Of all the lines in the material, how many carry the string "codomain"? Respond with the number by itself.

- [Source information]
+ + +
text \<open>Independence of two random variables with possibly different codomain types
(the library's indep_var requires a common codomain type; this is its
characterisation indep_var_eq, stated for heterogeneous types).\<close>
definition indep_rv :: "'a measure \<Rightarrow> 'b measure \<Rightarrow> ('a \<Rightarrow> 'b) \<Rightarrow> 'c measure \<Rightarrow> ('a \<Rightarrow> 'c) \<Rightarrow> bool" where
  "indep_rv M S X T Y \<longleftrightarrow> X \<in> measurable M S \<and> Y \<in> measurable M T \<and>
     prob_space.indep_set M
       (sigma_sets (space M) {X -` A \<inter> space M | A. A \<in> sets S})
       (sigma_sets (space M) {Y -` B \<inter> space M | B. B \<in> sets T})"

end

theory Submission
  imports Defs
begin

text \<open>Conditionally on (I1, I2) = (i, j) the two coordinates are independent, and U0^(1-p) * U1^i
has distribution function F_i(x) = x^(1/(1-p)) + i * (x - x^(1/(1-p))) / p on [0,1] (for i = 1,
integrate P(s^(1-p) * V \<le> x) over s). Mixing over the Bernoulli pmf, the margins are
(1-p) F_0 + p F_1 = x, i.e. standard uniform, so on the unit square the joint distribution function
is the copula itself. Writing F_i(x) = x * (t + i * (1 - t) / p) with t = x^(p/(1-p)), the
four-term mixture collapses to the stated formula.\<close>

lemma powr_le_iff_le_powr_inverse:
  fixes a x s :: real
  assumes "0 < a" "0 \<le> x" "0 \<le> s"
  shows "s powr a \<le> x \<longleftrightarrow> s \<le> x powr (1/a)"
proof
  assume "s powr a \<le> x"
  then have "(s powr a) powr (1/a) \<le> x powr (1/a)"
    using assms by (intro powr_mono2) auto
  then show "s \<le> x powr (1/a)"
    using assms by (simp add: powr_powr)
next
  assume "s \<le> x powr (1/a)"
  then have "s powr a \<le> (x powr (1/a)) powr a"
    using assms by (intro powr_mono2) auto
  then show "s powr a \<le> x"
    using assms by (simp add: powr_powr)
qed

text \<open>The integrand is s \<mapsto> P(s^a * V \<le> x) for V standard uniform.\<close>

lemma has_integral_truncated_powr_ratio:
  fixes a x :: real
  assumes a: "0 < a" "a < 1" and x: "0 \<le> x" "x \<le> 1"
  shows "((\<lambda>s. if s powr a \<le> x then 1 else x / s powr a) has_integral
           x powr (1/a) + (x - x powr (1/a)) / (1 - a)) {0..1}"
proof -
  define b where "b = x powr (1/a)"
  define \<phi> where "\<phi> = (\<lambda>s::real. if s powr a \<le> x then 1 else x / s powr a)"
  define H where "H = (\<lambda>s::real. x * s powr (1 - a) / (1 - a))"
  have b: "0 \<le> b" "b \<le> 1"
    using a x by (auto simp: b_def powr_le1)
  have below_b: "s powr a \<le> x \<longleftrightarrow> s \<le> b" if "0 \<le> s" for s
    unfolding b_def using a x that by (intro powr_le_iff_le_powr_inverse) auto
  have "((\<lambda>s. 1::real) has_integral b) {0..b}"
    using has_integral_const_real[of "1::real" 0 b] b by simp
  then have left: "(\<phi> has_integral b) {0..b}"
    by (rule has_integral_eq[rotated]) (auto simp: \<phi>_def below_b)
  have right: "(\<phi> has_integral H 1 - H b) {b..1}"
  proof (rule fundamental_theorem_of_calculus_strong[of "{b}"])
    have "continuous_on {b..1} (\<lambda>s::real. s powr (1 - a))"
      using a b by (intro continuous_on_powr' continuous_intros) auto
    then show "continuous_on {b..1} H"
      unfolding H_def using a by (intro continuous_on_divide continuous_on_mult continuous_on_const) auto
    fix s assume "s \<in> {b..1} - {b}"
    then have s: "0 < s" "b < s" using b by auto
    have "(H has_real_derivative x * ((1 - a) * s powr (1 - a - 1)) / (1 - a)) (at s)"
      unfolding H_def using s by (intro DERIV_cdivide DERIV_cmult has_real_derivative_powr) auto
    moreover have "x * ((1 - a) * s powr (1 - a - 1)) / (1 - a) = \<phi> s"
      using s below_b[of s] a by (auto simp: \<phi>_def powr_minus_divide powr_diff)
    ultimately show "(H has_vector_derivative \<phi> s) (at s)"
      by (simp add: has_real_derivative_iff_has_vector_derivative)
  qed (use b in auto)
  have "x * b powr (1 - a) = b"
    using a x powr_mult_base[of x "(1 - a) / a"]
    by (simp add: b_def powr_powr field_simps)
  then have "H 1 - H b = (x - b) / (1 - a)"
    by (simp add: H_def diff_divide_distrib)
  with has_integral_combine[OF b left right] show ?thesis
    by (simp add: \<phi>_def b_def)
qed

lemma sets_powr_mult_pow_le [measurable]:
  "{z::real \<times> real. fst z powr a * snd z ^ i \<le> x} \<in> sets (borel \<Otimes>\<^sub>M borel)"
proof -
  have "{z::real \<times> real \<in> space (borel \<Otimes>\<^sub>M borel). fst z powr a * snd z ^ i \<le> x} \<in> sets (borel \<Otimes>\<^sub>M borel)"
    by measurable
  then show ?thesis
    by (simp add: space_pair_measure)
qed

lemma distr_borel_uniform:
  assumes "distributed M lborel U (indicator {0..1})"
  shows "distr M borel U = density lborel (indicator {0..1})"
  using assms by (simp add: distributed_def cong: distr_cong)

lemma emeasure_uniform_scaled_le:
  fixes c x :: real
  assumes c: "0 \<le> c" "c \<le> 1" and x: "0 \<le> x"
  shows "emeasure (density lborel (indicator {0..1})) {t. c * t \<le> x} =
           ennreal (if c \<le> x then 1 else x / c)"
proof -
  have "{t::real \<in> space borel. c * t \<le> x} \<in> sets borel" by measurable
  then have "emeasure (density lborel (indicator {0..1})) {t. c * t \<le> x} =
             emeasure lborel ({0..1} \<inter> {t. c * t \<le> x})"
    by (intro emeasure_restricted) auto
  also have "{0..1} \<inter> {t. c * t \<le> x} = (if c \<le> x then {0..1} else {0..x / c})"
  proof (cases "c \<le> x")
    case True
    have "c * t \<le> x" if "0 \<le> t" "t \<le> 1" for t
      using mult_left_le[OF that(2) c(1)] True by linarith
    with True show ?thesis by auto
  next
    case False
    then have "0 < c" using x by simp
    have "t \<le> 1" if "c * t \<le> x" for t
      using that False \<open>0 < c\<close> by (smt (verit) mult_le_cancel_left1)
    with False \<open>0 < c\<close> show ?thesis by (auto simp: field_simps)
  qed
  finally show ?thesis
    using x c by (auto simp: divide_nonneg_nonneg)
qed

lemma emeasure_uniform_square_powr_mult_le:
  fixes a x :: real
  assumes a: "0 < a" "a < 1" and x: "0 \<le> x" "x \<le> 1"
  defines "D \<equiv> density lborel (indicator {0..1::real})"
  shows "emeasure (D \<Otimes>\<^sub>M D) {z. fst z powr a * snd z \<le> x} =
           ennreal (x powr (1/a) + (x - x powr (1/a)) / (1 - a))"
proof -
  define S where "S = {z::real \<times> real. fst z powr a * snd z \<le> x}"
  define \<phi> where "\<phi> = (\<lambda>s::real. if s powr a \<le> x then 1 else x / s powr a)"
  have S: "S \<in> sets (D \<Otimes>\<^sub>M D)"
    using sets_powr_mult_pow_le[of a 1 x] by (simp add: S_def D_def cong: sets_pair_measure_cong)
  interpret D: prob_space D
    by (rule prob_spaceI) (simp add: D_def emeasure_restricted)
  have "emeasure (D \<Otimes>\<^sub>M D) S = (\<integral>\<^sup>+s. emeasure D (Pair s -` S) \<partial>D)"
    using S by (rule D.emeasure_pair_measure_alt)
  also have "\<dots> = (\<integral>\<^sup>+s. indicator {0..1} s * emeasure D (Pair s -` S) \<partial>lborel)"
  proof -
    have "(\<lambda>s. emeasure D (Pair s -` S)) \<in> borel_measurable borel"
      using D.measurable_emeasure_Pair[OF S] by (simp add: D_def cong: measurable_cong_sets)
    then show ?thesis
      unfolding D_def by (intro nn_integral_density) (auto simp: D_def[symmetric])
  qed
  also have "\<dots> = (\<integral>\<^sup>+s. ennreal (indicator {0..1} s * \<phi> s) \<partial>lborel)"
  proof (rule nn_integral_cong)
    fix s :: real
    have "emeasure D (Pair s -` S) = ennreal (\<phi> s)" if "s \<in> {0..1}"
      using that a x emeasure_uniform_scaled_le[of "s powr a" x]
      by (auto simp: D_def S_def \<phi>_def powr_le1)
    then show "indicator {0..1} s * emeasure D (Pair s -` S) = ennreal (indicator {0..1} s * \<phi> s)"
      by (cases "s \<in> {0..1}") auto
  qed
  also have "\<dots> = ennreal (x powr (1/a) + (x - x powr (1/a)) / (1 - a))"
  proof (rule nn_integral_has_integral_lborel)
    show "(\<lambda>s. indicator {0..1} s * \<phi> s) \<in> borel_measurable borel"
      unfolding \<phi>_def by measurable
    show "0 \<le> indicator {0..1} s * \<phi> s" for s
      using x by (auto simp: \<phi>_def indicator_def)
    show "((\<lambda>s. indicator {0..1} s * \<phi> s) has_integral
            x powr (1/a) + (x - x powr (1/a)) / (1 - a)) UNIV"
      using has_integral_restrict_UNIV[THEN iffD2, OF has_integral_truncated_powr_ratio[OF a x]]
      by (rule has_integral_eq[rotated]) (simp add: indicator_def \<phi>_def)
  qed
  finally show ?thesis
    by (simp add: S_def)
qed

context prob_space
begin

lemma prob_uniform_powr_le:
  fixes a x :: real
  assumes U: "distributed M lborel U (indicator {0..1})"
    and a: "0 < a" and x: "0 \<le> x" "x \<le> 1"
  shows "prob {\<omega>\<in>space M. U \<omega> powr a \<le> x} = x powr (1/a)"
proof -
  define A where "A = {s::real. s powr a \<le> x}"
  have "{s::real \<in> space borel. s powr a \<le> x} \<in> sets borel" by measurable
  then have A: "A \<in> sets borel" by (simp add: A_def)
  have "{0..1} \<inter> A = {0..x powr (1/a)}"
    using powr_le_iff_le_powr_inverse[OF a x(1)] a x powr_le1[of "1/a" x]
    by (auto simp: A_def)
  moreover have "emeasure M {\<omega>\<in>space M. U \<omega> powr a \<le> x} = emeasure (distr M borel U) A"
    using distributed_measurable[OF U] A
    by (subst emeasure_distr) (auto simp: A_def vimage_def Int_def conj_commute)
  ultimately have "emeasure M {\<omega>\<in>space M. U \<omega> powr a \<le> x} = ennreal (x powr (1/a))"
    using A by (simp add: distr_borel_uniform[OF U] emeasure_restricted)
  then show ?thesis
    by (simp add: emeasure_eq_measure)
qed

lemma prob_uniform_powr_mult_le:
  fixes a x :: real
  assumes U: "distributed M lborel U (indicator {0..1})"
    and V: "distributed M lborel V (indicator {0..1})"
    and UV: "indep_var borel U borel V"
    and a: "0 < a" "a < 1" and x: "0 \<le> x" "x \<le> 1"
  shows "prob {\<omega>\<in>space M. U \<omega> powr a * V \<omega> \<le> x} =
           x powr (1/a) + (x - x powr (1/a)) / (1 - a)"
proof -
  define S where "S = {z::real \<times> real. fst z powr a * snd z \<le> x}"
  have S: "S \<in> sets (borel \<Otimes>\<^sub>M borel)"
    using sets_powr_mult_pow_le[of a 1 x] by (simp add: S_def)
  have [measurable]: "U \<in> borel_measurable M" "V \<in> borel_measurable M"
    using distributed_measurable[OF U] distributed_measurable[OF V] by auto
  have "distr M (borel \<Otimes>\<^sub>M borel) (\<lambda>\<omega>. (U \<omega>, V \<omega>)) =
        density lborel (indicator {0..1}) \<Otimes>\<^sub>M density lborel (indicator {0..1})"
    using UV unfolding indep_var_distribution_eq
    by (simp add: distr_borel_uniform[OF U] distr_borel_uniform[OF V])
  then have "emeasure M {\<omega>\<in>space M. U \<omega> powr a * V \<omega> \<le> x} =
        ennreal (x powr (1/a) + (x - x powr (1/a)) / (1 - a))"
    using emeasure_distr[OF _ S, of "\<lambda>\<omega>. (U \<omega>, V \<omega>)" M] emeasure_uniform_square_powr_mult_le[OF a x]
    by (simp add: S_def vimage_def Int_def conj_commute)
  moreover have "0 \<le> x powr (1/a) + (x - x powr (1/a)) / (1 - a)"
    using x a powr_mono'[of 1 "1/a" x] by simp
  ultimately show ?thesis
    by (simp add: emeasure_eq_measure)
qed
+ + +
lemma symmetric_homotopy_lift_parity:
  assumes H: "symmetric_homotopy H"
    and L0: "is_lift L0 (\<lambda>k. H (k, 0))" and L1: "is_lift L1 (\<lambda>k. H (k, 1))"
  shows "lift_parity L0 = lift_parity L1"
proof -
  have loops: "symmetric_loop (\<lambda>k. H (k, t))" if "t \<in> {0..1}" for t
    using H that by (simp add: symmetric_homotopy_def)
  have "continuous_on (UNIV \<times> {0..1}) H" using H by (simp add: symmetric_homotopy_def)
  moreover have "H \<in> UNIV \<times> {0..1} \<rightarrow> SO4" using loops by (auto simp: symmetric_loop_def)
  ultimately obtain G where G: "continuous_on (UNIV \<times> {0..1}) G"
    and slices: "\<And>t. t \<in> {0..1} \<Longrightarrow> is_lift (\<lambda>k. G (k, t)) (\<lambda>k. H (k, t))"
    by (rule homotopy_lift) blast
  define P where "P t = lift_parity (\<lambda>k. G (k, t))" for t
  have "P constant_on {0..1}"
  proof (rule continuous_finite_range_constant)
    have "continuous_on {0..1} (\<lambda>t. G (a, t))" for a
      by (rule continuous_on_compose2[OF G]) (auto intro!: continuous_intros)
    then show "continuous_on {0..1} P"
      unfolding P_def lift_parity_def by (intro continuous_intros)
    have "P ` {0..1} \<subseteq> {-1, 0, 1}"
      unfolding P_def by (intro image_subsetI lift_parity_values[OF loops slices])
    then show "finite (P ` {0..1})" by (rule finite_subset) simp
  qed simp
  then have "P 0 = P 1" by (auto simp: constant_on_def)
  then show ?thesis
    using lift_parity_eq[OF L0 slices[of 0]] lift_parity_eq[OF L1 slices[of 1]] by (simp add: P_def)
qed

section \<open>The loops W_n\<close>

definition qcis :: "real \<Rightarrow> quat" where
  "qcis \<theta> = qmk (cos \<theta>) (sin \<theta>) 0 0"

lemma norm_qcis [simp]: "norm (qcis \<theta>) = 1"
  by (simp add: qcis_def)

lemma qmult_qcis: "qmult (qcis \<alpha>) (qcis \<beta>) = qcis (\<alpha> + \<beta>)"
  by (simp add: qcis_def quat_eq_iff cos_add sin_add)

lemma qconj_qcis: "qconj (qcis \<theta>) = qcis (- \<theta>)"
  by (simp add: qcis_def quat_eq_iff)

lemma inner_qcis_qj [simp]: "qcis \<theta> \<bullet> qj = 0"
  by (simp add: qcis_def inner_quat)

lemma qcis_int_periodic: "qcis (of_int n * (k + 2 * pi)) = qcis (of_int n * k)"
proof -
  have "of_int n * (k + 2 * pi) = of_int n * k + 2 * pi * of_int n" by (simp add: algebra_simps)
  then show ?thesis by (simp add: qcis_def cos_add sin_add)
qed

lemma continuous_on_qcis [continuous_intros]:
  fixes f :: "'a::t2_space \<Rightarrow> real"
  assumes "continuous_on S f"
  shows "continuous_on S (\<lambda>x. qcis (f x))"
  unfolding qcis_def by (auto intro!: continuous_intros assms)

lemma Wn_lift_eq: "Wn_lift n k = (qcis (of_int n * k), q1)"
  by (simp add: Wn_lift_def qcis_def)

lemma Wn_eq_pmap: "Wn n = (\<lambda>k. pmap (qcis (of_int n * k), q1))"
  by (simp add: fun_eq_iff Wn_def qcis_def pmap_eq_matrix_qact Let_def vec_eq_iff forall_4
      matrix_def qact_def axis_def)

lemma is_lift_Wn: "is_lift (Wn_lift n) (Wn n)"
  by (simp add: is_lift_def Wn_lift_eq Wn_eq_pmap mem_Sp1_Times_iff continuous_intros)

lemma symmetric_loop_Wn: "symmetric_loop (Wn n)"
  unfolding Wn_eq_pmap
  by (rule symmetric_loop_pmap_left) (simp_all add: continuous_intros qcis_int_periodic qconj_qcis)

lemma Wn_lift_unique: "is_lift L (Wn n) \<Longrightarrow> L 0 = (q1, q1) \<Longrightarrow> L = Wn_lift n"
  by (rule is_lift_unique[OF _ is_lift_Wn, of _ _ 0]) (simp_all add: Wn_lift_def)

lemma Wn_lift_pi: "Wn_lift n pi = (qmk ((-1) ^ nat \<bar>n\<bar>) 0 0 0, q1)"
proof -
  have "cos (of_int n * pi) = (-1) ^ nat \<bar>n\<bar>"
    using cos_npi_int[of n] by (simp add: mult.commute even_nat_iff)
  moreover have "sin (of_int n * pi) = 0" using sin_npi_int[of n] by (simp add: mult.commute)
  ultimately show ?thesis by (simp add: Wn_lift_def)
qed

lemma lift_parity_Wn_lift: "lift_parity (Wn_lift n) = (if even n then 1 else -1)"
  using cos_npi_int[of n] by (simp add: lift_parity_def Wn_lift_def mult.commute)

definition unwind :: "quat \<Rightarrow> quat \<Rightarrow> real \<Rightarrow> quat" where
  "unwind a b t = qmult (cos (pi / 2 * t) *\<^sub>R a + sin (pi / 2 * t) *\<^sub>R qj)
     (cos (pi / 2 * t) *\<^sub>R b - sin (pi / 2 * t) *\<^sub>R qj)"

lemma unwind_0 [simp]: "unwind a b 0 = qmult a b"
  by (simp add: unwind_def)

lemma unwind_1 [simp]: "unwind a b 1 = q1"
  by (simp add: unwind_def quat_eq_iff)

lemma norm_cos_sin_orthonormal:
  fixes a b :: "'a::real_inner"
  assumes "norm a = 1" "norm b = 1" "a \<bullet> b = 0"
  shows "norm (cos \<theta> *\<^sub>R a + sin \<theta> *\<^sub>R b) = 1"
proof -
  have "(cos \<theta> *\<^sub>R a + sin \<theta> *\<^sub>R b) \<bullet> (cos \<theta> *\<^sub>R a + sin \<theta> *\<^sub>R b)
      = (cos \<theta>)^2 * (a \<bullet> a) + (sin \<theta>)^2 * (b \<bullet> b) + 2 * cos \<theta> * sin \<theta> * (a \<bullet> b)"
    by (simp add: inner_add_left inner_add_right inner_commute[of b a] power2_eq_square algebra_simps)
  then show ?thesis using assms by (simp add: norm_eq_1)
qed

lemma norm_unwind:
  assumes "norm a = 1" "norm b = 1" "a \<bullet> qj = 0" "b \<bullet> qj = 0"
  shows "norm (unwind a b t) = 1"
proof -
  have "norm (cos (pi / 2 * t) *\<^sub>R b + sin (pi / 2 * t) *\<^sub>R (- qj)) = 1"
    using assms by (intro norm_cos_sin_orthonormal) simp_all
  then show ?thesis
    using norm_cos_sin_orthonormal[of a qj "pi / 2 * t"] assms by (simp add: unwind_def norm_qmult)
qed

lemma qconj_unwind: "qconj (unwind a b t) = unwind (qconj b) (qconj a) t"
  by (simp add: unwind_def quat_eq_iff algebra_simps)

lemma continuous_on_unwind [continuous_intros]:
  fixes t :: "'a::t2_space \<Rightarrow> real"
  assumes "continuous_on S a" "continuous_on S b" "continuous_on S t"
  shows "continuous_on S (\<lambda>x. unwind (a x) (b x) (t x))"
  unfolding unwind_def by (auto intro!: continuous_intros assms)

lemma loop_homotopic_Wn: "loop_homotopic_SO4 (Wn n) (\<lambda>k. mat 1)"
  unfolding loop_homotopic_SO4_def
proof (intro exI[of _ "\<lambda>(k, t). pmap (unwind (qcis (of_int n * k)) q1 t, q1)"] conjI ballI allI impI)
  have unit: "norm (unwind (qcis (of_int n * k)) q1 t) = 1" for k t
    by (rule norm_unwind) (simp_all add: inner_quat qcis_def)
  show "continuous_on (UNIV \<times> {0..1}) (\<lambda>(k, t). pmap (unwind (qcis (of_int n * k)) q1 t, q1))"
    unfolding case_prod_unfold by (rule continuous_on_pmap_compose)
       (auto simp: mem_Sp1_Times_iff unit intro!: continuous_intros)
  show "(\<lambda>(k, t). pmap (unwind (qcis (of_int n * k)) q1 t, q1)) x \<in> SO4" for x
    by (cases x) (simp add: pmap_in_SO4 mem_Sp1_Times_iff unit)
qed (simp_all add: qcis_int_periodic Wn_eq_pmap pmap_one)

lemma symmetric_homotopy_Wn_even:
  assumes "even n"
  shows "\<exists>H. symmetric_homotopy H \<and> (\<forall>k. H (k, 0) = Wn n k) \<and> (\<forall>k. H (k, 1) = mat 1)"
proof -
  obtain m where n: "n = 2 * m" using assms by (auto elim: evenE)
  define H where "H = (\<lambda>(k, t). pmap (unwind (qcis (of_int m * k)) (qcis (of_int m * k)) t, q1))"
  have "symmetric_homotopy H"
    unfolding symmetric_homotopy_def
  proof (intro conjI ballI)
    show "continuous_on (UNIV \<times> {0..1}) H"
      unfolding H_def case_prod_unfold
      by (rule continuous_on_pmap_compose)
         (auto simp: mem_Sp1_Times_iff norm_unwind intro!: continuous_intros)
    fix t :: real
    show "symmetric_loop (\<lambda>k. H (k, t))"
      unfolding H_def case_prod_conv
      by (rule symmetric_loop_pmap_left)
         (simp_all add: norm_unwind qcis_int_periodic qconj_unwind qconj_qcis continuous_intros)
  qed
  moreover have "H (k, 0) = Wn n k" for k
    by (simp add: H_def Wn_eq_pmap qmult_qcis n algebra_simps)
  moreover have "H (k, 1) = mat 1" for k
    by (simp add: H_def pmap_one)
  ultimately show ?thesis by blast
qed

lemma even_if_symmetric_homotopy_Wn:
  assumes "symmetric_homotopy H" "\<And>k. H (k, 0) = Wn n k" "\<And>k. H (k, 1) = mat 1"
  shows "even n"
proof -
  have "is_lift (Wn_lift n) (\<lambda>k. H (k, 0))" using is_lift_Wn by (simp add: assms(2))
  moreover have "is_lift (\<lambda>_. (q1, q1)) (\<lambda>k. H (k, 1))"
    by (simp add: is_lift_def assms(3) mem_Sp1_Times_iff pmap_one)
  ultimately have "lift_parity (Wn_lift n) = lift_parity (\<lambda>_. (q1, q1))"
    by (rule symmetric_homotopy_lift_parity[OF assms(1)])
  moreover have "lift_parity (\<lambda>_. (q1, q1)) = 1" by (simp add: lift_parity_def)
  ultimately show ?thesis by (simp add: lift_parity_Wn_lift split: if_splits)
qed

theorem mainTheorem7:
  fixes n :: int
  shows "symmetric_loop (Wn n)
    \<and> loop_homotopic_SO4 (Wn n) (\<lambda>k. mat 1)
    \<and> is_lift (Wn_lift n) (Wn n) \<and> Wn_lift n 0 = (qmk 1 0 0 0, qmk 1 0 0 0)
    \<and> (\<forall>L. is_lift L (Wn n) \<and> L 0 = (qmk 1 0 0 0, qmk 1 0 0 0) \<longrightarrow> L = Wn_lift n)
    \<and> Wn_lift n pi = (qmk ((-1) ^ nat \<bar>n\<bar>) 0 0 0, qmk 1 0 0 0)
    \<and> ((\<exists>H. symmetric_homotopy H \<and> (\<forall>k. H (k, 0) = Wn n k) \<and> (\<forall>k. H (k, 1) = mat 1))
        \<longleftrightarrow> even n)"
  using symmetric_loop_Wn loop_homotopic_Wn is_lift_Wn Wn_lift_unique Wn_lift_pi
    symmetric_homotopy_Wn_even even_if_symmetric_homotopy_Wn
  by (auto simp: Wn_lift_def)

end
+ + +
- [Response below] 2